▶ GOAL OF THE EXERCISE: Please show every line in the entries below that includes the word "gammaS".

▶ SOURCE DATA:
(* For a greedy policy and an alternating policy applied to the same label sequences, with match counts $M_{\mathbf G}(n)$ and $M_{\mathbf A}(n)$ respectively, $$\lim_{n\to\infty}\frac{\mathbb E\bigl(M_{\mathbf G}(n)-M_{\mathbf A}(n)\bigr)}{n}=\frac{\sigma_{\mathbf R}^2+\sigma_{\mathbf S}^2}{8\mu}.$$
   Context: Let $(r_i)_{i\ge1}$, $(s_i)_{i\ge1}$ be probability vectors on the positive integers with $\mu:=\sum_i r_is_i>0$. Let $\{L_{\mathbf R}(n)\}_{n\ge1}$, $\{L_{\mathbf S}(n)\}_{n\ge1}$ be independent i.i.d. sequences with $\Pr(L_{\mathbf R}(1)=i)=r_i$, $\Pr(L_{\mathbf S}(1)=i)=s_i$. For $m\ge0$ let $\tilde N_{\mathbf R}(m)$ be the vector with entries $N_{\mathbf R}(m,i)=\sum_{j=1}^m\mathbf 1\{L_{\mathbf R}(j)=i\}$, and $\tilde N_{\mathbf S}(m)$ analogously. Put $X_{\mathbf R}(n)=s_{L_{\mathbf R}(n)}$, $X_{\mathbf S}(n)=r_{L_{\mathbf S}(n)}$ (common mean $\mu$, variances $\sigma_{\mathbf R}^2,\sigma_{\mathbf S}^2$; standing assumption $\sigma_{\mathbf R}+\sigma_{\mathbf S}>0$), $\Gamma_{\mathbf R}[m]=\sum_{j=1}^mX_{\mathbf R}(j)$, $\Gamma_{\mathbf S}[m]=\sum_{j=1}^mX_{\mathbf S}(j)$. A reading policy is a $\{0,1\}$-valued process $C(n)$ ($C(n)=1$ iff the $n$-th record is read from $\mathbf R$), $R(n)=\sum_{j\le n}C(j)$, $S(n)=n-R(n)$, with $C(n)$ being $\mathcal F_{n-1}$-measurable where $\mathcal F_n=\mathcal F_0\vee\sigma(L_{\mathbf R}(1),\dots,L_{\mathbf R}(R(n));L_{\mathbf S}(1),\dots,L_{\mathbf S}(S(n)))$ and $\mathcal F_0$ (randomization, for both policies) is independent of the labels. Matches: $M(n)=\tilde N_{\mathbf R}(R(n))\cdot\tilde N_{\mathbf S}(S(n))$. An alternating policy is $\mathcal F_0$-measurable with $R(2n)=n$ for all $n$. A greedy policy satisfies, for $n\ge1$, $C(n+1)=1$ if $\Gamma_{\mathbf S}[S(n)]>\Gamma_{\mathbf R}[R(n)]$ and $C(n+1)=0$ if $\Gamma_{\mathbf S}[S(n)]<\Gamma_{\mathbf R}[R(n)]$ (ties arbitrary). *)

theory Defs
  imports "HOL-Probability.Probability"
begin

text \<open>C n w = True iff the n-th record (n >= 1) is read from R.\<close>

definition Rcnt :: "(nat \<Rightarrow> 'a \<Rightarrow> bool) \<Rightarrow> nat \<Rightarrow> 'a \<Rightarrow> nat" where
  "Rcnt C n w = card {j \<in> {1..n}. C j w}"

definition Scnt :: "(nat \<Rightarrow> 'a \<Rightarrow> bool) \<Rightarrow> nat \<Rightarrow> 'a \<Rightarrow> nat" where
  "Scnt C n w = n - Rcnt C n w"

definition Ncnt :: "(nat \<Rightarrow> 'a \<Rightarrow> nat) \<Rightarrow> nat \<Rightarrow> nat \<Rightarrow> 'a \<Rightarrow> nat" where
  "Ncnt L m i w = card {j \<in> {1..m}. L j w = i}"

text \<open>M(n) = N_R(R(n)) . N_S(S(n)) (dot product; only finitely many nonzero terms).\<close>
definition matches ::
  "(nat \<Rightarrow> 'a \<Rightarrow> nat) \<Rightarrow> (nat \<Rightarrow> 'a \<Rightarrow> nat) \<Rightarrow> (nat \<Rightarrow> 'a \<Rightarrow> bool) \<Rightarrow> nat \<Rightarrow> 'a \<Rightarrow> nat" where
  "matches LR LS C n w =
     (\<Sum>i | 0 < Ncnt LR (Rcnt C n w) i w.
        Ncnt LR (Rcnt C n w) i w * Ncnt LS (Scnt C n w) i w)"

text \<open>Gamma[m] = sum_{j=1}^m wt(L j); Gamma_R uses wt = s on L_R, Gamma_S uses wt = r on L_S.\<close>
definition Gamma :: "(nat \<Rightarrow> real) \<Rightarrow> (nat \<Rightarrow> 'a \<Rightarrow> nat) \<Rightarrow> nat \<Rightarrow> 'a \<Rightarrow> real" where
  "Gamma wt L m w = (\<Sum>j = 1..m. wt (L j w))"

text \<open>The first m labels of a sequence (None marks "not yet read").\<close>
definition trunc :: "(nat \<Rightarrow> 'a \<Rightarrow> nat) \<Rightarrow> nat \<Rightarrow> 'a \<Rightarrow> nat \<Rightarrow> nat option" where
  "trunc L m w = (\<lambda>j. if 1 \<le> j \<and> j \<le> m then Some (L j w) else None)"

text \<open>F_n = F_0 v sigma(L_R(1..R(n)), L_S(1..S(n))), with F_0 = sigma(U).\<close>
definition info_alg ::
  "'a measure \<Rightarrow> ('a \<Rightarrow> 'u) \<Rightarrow> 'u measure \<Rightarrow> (nat \<Rightarrow> 'a \<Rightarrow> nat) \<Rightarrow> (nat \<Rightarrow> 'a \<Rightarrow> nat)
    \<Rightarrow> (nat \<Rightarrow> 'a \<Rightarrow> bool) \<Rightarrow> nat \<Rightarrow> 'a measure" where
  "info_alg M U N LR LS C n =
     vimage_algebra (space M)
       (\<lambda>w. (U w, trunc LR (Rcnt C n w) w, trunc LS (Scnt C n w) w))
       (N \<Otimes>\<^sub>M (PiM UNIV (\<lambda>_::nat. count_space UNIV) \<Otimes>\<^sub>M PiM UNIV (\<lambda>_::nat. count_space UNIV)))"

definition reading_policy ::
  "'a measure \<Rightarrow> ('a \<Rightarrow> 'u) \<Rightarrow> 'u measure \<Rightarrow> (nat \<Rightarrow> 'a \<Rightarrow> nat) \<Rightarrow> (nat \<Rightarrow> 'a \<Rightarrow> nat)
    \<Rightarrow> (nat \<Rightarrow> 'a \<Rightarrow> bool) \<Rightarrow> bool" where
  "reading_policy M U N LR LS C \<longleftrightarrow>
     (\<forall>n\<ge>1. C n \<in> measurable (info_alg M U N LR LS C (n - 1)) (count_space UNIV))"

definition greedy_policy ::
  "'a measure \<Rightarrow> ('a \<Rightarrow> 'u) \<Rightarrow> 'u measure \<Rightarrow> (nat \<Rightarrow> real) \<Rightarrow> (nat \<Rightarrow> real)
    \<Rightarrow> (nat \<Rightarrow> 'a \<Rightarrow> nat) \<Rightarrow> (nat \<Rightarrow> 'a \<Rightarrow> nat) \<Rightarrow> (nat \<Rightarrow> 'a \<Rightarrow> bool) \<Rightarrow> bool" where
  "greedy_policy M U N r s LR LS C \<longleftrightarrow>
     reading_policy M U N LR LS C \<and>
     (\<forall>n\<ge>1. \<forall>w\<in>space M.
        (Gamma r LS (Scnt C n w) w > Gamma s LR (Rcnt C n w) w \<longrightarrow> C (Suc n) w) \<and>
        (Gamma r LS (Scnt C n w) w < Gamma s LR (Rcnt C n w) w \<longrightarrow> \<not> C (Suc n) w))"

definition alternating_policy ::
  "'a measure \<Rightarrow> ('a \<Rightarrow> 'u) \<Rightarrow> 'u measure \<Rightarrow> (nat \<Rightarrow> 'a \<Rightarrow> bool) \<Rightarrow> bool" where
  "alternating_policy M U N C \<longleftrightarrow>
     (\<forall>n. C n \<in> measurable (vimage_algebra (space M) U N) (count_space UNIV)) \<and>
     (\<forall>n. \<forall>w\<in>space M. Rcnt C (2 * n) w = n)"

end

theory Submission
  imports Defs
begin

text \<open>Write \<open>gammaR n = \<Gamma>\<^sub>R[R(n)]\<close> and \<open>gammaS n = \<Gamma>\<^sub>S[S(n)]\<close>. Whatever the reading policy, the label
  read next is independent of everything observed so far. Hence a fresh \<open>R\<close>-label creates
  \<open>gammaS\<close> matches on average and raises \<open>gammaR * gammaS\<close> by \<open>mu * gammaS\<close> on average, which gives
  \<open>mu * E M(n) = E (gammaR n * gammaS n)\<close>; similarly \<open>E (gammaR n + gammaS n)\<^sup>2\<close> is computed exactly
  in terms of the expected number of \<open>R\<close>-reads. Now \<open>4 gammaR gammaS = (gammaR + gammaS)\<^sup>2 - (gammaR - gammaS)\<^sup>2\<close>.
  The greedy policy keeps \<open>\<bar>gammaR - gammaS\<bar> \<le> 1\<close>, so up to a bounded error
  \<open>4 mu E M\<^sub>G(n) = mu\<^sup>2 n\<^sup>2 + n (\<sigma>\<^sub>R\<^sup>2 + \<sigma>\<^sub>S\<^sup>2) / 2\<close>, while for the alternating policy
  \<open>4 E M\<^sub>A(n) = mu (n\<^sup>2 - n mod 2)\<close> exactly.\<close>

lemma sums_one_le_one:
  fixes p :: "nat \<Rightarrow> real"
  assumes "\<And>i. 0 \<le> p i" "p sums 1"
  shows "p i \<le> 1"
proof -
  have "sum p {i} \<le> suminf p"
    using assms by (intro sum_le_suminf) (auto simp: sums_iff)
  with assms(2) show ?thesis by (simp add: sums_iff)
qed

▶ RESULT FOR THIS TASK:
text \<open>Write \<open>gammaR n = \<Gamma>\<^sub>R[R(n)]\<close> and \<open>gammaS n = \<Gamma>\<^sub>S[S(n)]\<close>. Whatever the reading policy, the label
  \<open>gammaS\<close> matches on average and raises \<open>gammaR * gammaS\<close> by \<open>mu * gammaS\<close> on average, which gives
  \<open>mu * E M(n) = E (gammaR n * gammaS n)\<close>; similarly \<open>E (gammaR n + gammaS n)\<^sup>2\<close> is computed exactly
  in terms of the expected number of \<open>R\<close>-reads. Now \<open>4 gammaR gammaS = (gammaR + gammaS)\<^sup>2 - (gammaR - gammaS)\<^sup>2\<close>.
  The greedy policy keeps \<open>\<bar>gammaR - gammaS\<bar> \<le> 1\<close>, so up to a bounded error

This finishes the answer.